#### [Exercise]
The expected output is every line below, reproduced exactly.

[Collected data]
##############################

definition fun_both :: "(complex \<Rightarrow> 'b \<Rightarrow> 'b) \<Rightarrow> (('b::real_normed_algebra \<Rightarrow> complex) \<Rightarrow> complex) \<Rightarrow> ('b \<Rightarrow> complex) \<Rightarrow> ('b \<Rightarrow> complex)" where
  "fun_both sc q \<mu> = (\<lambda>x. arens sc (arens sc q (emb sc x)) q \<mu>)"

end

theory Submission
  imports Defs
begin

(* (1) <-> (2) is a statement about subspaces only: the weak* closure of a complex subspace A
   of B in B** is A^perp^perp.  Since the weak* topology is pointwise convergence on B*, it
   suffices to show that an element q of A^perp^perp can be matched exactly on any finite set F
   of functionals by some a in A; this is finite-dimensional linear algebra (a functional
   vanishing on A and on the common kernel of F is a linear combination of F on A).

   Evaluated at a in A, the functionals
   mu q, q mu, q mu q of (5), (5'), (6) are exactly (q a)(mu), (a q)(mu), (q a q)(mu) of
   (3), (3'), (4), and they always lie in B*; so (5) <-> (3), (5') <-> (3'), (6) <-> (4).
   Explicit formulas for the Arens products show that each of (3), (3'), (4) means that q
   kills certain translates of annihilating functionals.  Because A is an algebra, A^perp is
   stable under translation by elements of A, which gives (2) -> (3), (3'), (4); taking
   a = 1 (and q q = q for (4)) gives the converses. *)

section \<open>Bounded functionals with respect to a complex scalar multiplication\<close>

text \<open>The dual space is taken with respect to a complex scalar multiplication sc that
  extends the real one; this is all that is needed for duality arguments.\<close>

locale complex_scalars =
  fixes sc :: "complex \<Rightarrow> 'b::real_normed_vector \<Rightarrow> 'b"
  assumes sc_of_real: "\<And>r x. sc (complex_of_real r) x = scaleR r x"
begin

lemma dualD:
  assumes "\<phi> \<in> dual sc"
  shows dual_add: "\<phi> (x + y) = \<phi> x + \<phi> y" and dual_sc: "\<phi> (sc a x) = a * \<phi> x"
  using assms unfolding dual_def by auto

lemma dualI:
  assumes "\<And>x y. \<phi> (x + y) = \<phi> x + \<phi> y" "\<And>a x. \<phi> (sc a x) = a * \<phi> x"
    and "\<And>x. cmod (\<phi> x) \<le> K * norm x"
  shows "\<phi> \<in> dual sc"
  using assms unfolding dual_def by auto

lemma dual_bdd_above:
  assumes "\<phi> \<in> dual sc"
  shows "bdd_above ((\<lambda>x. cmod (\<phi> x)) ` {x. norm x \<le> 1})"
proof -
  obtain K where K: "\<And>x. cmod (\<phi> x) \<le> K * norm x"
    using assms unfolding dual_def by auto
  have "cmod (\<phi> x) \<le> max K 0" if "norm x \<le> 1" for x
  proof -
    have "K * norm x \<le> max K 0"
      using that mult_left_le[of "norm x" K] mult_nonpos_nonneg[of K "norm x"] by force
    then show ?thesis using K[of x] by linarith
  qed
  then show ?thesis by (intro bdd_aboveI2) auto
qed

lemma dnorm_bound:
  assumes "\<phi> \<in> dual sc"
  shows "cmod (\<phi> x) \<le> dnorm \<phi> * norm x"
proof (cases "x = 0")
  case True
  then show ?thesis using dual_add[OF assms, of 0 0] by simp
next
  case False
  define u where "u = scaleR (1 / norm x) x"
  have "norm u = 1" using False by (simp add: u_def)
  then have "cmod (\<phi> u) \<le> dnorm \<phi>"
    unfolding dnorm_def by (intro cSUP_upper[OF _ dual_bdd_above[OF assms]]) simp
  moreover have "u = sc (complex_of_real (1 / norm x)) x"
    by (simp only: u_def sc_of_real)
  then have "\<phi> u = of_real (1 / norm x) * \<phi> x"
    by (simp only: dual_sc[OF assms])
  ultimately have "cmod (\<phi> x) / norm x \<le> dnorm \<phi>" by (simp add: norm_divide)
  then show ?thesis using False by (simp add: divide_le_eq mult.commute)
qed

lemma dnorm_nonneg:
  assumes "\<phi> \<in> dual sc"
  shows "0 \<le> dnorm \<phi>"
proof -
  have "cmod (\<phi> 0) \<le> dnorm \<phi>"
    unfolding dnorm_def by (intro cSUP_upper[OF _ dual_bdd_above[OF assms]]) simp
  then show ?thesis by (meson norm_ge_zero order_trans)
qed

lemma dnorm_le:
  fixes \<psi> :: "'b \<Rightarrow> complex"
  assumes "\<And>x. cmod (\<psi> x) \<le> C * norm x" and "0 \<le> C"
  shows "dnorm \<psi> \<le> C"
  unfolding dnorm_def
proof (rule cSUP_least)
  have "(0::'b) \<in> {x. norm x \<le> 1}" by simp
  then show "{x::'b. norm x \<le> 1} \<noteq> {}" by blast
next
  fix x :: 'b assume "x \<in> {x. norm x \<le> 1}"
  then have "C * norm x \<le> C" using assms(2) by (simp add: mult_left_le)
  then show "cmod (\<psi> x) \<le> C" using assms(1)[of x] by linarith
qed

lemma dual_plus:
  assumes "\<phi> \<in> dual sc" "\<psi> \<in> dual sc"
  shows "(\<lambda>x. \<phi> x + \<psi> x) \<in> dual sc"
proof (rule dualI[where K = "dnorm \<phi> + dnorm \<psi>"])
  show "cmod (\<phi> x + \<psi> x) \<le> (dnorm \<phi> + dnorm \<psi>) * norm x" for x
    using norm_triangle_ineq[of "\<phi> x" "\<psi> x"] dnorm_bound[OF assms(1), of x]
      dnorm_bound[OF assms(2), of x] by (simp add: distrib_right)
qed (simp_all add: dualD[OF assms(1)] dualD[OF assms(2)] distrib_left)

lemma dual_scale:
  assumes "\<phi> \<in> dual sc"
  shows "(\<lambda>x. c * \<phi> x) \<in> dual sc"
proof (rule dualI[where K = "cmod c * dnorm \<phi>"])
  show "cmod (c * \<phi> x) \<le> (cmod c * dnorm \<phi>) * norm x" for x
    using dnorm_bound[OF assms, of x] by (simp add: norm_mult mult.assoc mult_left_mono)
qed (simp_all add: dualD[OF assms] distrib_left)

lemma dual_lincomb:
  assumes "finite F" "F \<subseteq> dual sc"
  shows "(\<lambda>x. \<Sum>\<phi>\<in>F. c \<phi> * \<phi> x) \<in> dual sc"
  using assms
proof (induction F rule: finite_induct)
  case empty
  show ?case by (rule dualI[where K = 0]) auto
next
  case (insert \<phi> F)
  then show ?case by (simp add: dual_plus dual_scale)
qed

lemma bidualD:
  assumes "n \<in> bidual sc" "\<phi> \<in> dual sc"
  shows bidual_plus: "\<psi> \<in> dual sc \<Longrightarrow> n (\<lambda>x. \<phi> x + \<psi> x) = n \<phi> + n \<psi>"
    and bidual_scale: "n (\<lambda>x. c * \<phi> x) = c * n \<phi>"
  using assms unfolding bidual_def by auto

lemma bidual_bound:
  assumes "n \<in> bidual sc"
  obtains K where "K \<ge> 0" "\<And>\<phi>. \<phi> \<in> dual sc \<Longrightarrow> cmod (n \<phi>) \<le> K * dnorm \<phi>"
proof -
  obtain K where K: "\<forall>\<phi>\<in>dual sc. cmod (n \<phi>) \<le> K * dnorm \<phi>"
    using assms unfolding bidual_def by auto
  have "cmod (n \<phi>) \<le> max K 0 * dnorm \<phi>" if "\<phi> \<in> dual sc" for \<phi>
    using K that dnorm_nonneg[OF that] by (meson max.cobounded1 mult_right_mono order_trans)
  then show ?thesis using that[of "max K 0"] by simp
qed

##############################

#### [Solved exercise]
definition fun_both :: "(complex \<Rightarrow> 'b \<Rightarrow> 'b) \<Rightarrow> (('b::real_normed_algebra \<Rightarrow> complex) \<Rightarrow> complex) \<Rightarrow> ('b \<Rightarrow> complex) \<Rightarrow> ('b \<Rightarrow> complex)" where
  "fun_both sc q \<mu> = (\<lambda>x. arens sc (arens sc q (emb sc x)) q \<mu>)"

end

theory Submission
  imports Defs
begin

(* (1) <-> (2) is a statement about subspaces only: the weak* closure of a complex subspace A
   of B in B** is A^perp^perp.  Since the weak* topology is pointwise convergence on B*, it
   suffices to show that an element q of A^perp^perp can be matched exactly on any finite set F
   of functionals by some a in A; this is finite-dimensional linear algebra (a functional
   vanishing on A and on the common kernel of F is a linear combination of F on A).

   Evaluated at a in A, the functionals
   mu q, q mu, q mu q of (5), (5'), (6) are exactly (q a)(mu), (a q)(mu), (q a q)(mu) of
   (3), (3'), (4), and they always lie in B*; so (5) <-> (3), (5') <-> (3'), (6) <-> (4).
   Explicit formulas for the Arens products show that each of (3), (3'), (4) means that q
   kills certain translates of annihilating functionals.  Because A is an algebra, A^perp is
   stable under translation by elements of A, which gives (2) -> (3), (3'), (4); taking
   a = 1 (and q q = q for (4)) gives the converses. *)

section \<open>Bounded functionals with respect to a complex scalar multiplication\<close>

text \<open>The dual space is taken with respect to a complex scalar multiplication sc that
  extends the real one; this is all that is needed for duality arguments.\<close>

locale complex_scalars =
  fixes sc :: "complex \<Rightarrow> 'b::real_normed_vector \<Rightarrow> 'b"
  assumes sc_of_real: "\<And>r x. sc (complex_of_real r) x = scaleR r x"
begin

lemma dualD:
  assumes "\<phi> \<in> dual sc"
  shows dual_add: "\<phi> (x + y) = \<phi> x + \<phi> y" and dual_sc: "\<phi> (sc a x) = a * \<phi> x"
  using assms unfolding dual_def by auto

lemma dualI:
  assumes "\<And>x y. \<phi> (x + y) = \<phi> x + \<phi> y" "\<And>a x. \<phi> (sc a x) = a * \<phi> x"
    and "\<And>x. cmod (\<phi> x) \<le> K * norm x"
  shows "\<phi> \<in> dual sc"
  using assms unfolding dual_def by auto

lemma dual_bdd_above:
  assumes "\<phi> \<in> dual sc"
  shows "bdd_above ((\<lambda>x. cmod (\<phi> x)) ` {x. norm x \<le> 1})"
proof -
  obtain K where K: "\<And>x. cmod (\<phi> x) \<le> K * norm x"
    using assms unfolding dual_def by auto
  have "cmod (\<phi> x) \<le> max K 0" if "norm x \<le> 1" for x
  proof -
    have "K * norm x \<le> max K 0"
      using that mult_left_le[of "norm x" K] mult_nonpos_nonneg[of K "norm x"] by force
    then show ?thesis using K[of x] by linarith
  qed
  then show ?thesis by (intro bdd_aboveI2) auto
qed

lemma dnorm_bound:
  assumes "\<phi> \<in> dual sc"
  shows "cmod (\<phi> x) \<le> dnorm \<phi> * norm x"
proof (cases "x = 0")
  case True
  then show ?thesis using dual_add[OF assms, of 0 0] by simp
next
  case False
  define u where "u = scaleR (1 / norm x) x"
  have "norm u = 1" using False by (simp add: u_def)
  then have "cmod (\<phi> u) \<le> dnorm \<phi>"
    unfolding dnorm_def by (intro cSUP_upper[OF _ dual_bdd_above[OF assms]]) simp
  moreover have "u = sc (complex_of_real (1 / norm x)) x"
    by (simp only: u_def sc_of_real)
  then have "\<phi> u = of_real (1 / norm x) * \<phi> x"
    by (simp only: dual_sc[OF assms])
  ultimately have "cmod (\<phi> x) / norm x \<le> dnorm \<phi>" by (simp add: norm_divide)
  then show ?thesis using False by (simp add: divide_le_eq mult.commute)
qed

lemma dnorm_nonneg:
  assumes "\<phi> \<in> dual sc"
  shows "0 \<le> dnorm \<phi>"
proof -
  have "cmod (\<phi> 0) \<le> dnorm \<phi>"
    unfolding dnorm_def by (intro cSUP_upper[OF _ dual_bdd_above[OF assms]]) simp
  then show ?thesis by (meson norm_ge_zero order_trans)
qed

lemma dnorm_le:
  fixes \<psi> :: "'b \<Rightarrow> complex"
  assumes "\<And>x. cmod (\<psi> x) \<le> C * norm x" and "0 \<le> C"
  shows "dnorm \<psi> \<le> C"
  unfolding dnorm_def
proof (rule cSUP_least)
  have "(0::'b) \<in> {x. norm x \<le> 1}" by simp
  then show "{x::'b. norm x \<le> 1} \<noteq> {}" by blast
next
  fix x :: 'b assume "x \<in> {x. norm x \<le> 1}"
  then have "C * norm x \<le> C" using assms(2) by (simp add: mult_left_le)
  then show "cmod (\<psi> x) \<le> C" using assms(1)[of x] by linarith
qed

lemma dual_plus:
  assumes "\<phi> \<in> dual sc" "\<psi> \<in> dual sc"
  shows "(\<lambda>x. \<phi> x + \<psi> x) \<in> dual sc"
proof (rule dualI[where K = "dnorm \<phi> + dnorm \<psi>"])
  show "cmod (\<phi> x + \<psi> x) \<le> (dnorm \<phi> + dnorm \<psi>) * norm x" for x
    using norm_triangle_ineq[of "\<phi> x" "\<psi> x"] dnorm_bound[OF assms(1), of x]
      dnorm_bound[OF assms(2), of x] by (simp add: distrib_right)
qed (simp_all add: dualD[OF assms(1)] dualD[OF assms(2)] distrib_left)

lemma dual_scale:
  assumes "\<phi> \<in> dual sc"
  shows "(\<lambda>x. c * \<phi> x) \<in> dual sc"
proof (rule dualI[where K = "cmod c * dnorm \<phi>"])
  show "cmod (c * \<phi> x) \<le> (cmod c * dnorm \<phi>) * norm x" for x
    using dnorm_bound[OF assms, of x] by (simp add: norm_mult mult.assoc mult_left_mono)
qed (simp_all add: dualD[OF assms] distrib_left)

lemma dual_lincomb:
  assumes "finite F" "F \<subseteq> dual sc"
  shows "(\<lambda>x. \<Sum>\<phi>\<in>F. c \<phi> * \<phi> x) \<in> dual sc"
  using assms
proof (induction F rule: finite_induct)
  case empty
  show ?case by (rule dualI[where K = 0]) auto
next
  case (insert \<phi> F)
  then show ?case by (simp add: dual_plus dual_scale)
qed

lemma bidualD:
  assumes "n \<in> bidual sc" "\<phi> \<in> dual sc"
  shows bidual_plus: "\<psi> \<in> dual sc \<Longrightarrow> n (\<lambda>x. \<phi> x + \<psi> x) = n \<phi> + n \<psi>"
    and bidual_scale: "n (\<lambda>x. c * \<phi> x) = c * n \<phi>"
  using assms unfolding bidual_def by auto

lemma bidual_bound:
  assumes "n \<in> bidual sc"
  obtains K where "K \<ge> 0" "\<And>\<phi>. \<phi> \<in> dual sc \<Longrightarrow> cmod (n \<phi>) \<le> K * dnorm \<phi>"
proof -
  obtain K where K: "\<forall>\<phi>\<in>dual sc. cmod (n \<phi>) \<le> K * dnorm \<phi>"
    using assms unfolding bidual_def by auto
  have "cmod (n \<phi>) \<le> max K 0 * dnorm \<phi>" if "\<phi> \<in> dual sc" for \<phi>
    using K that dnorm_nonneg[OF that] by (meson max.cobounded1 mult_right_mono order_trans)
  then show ?thesis using that[of "max K 0"] by simp
qed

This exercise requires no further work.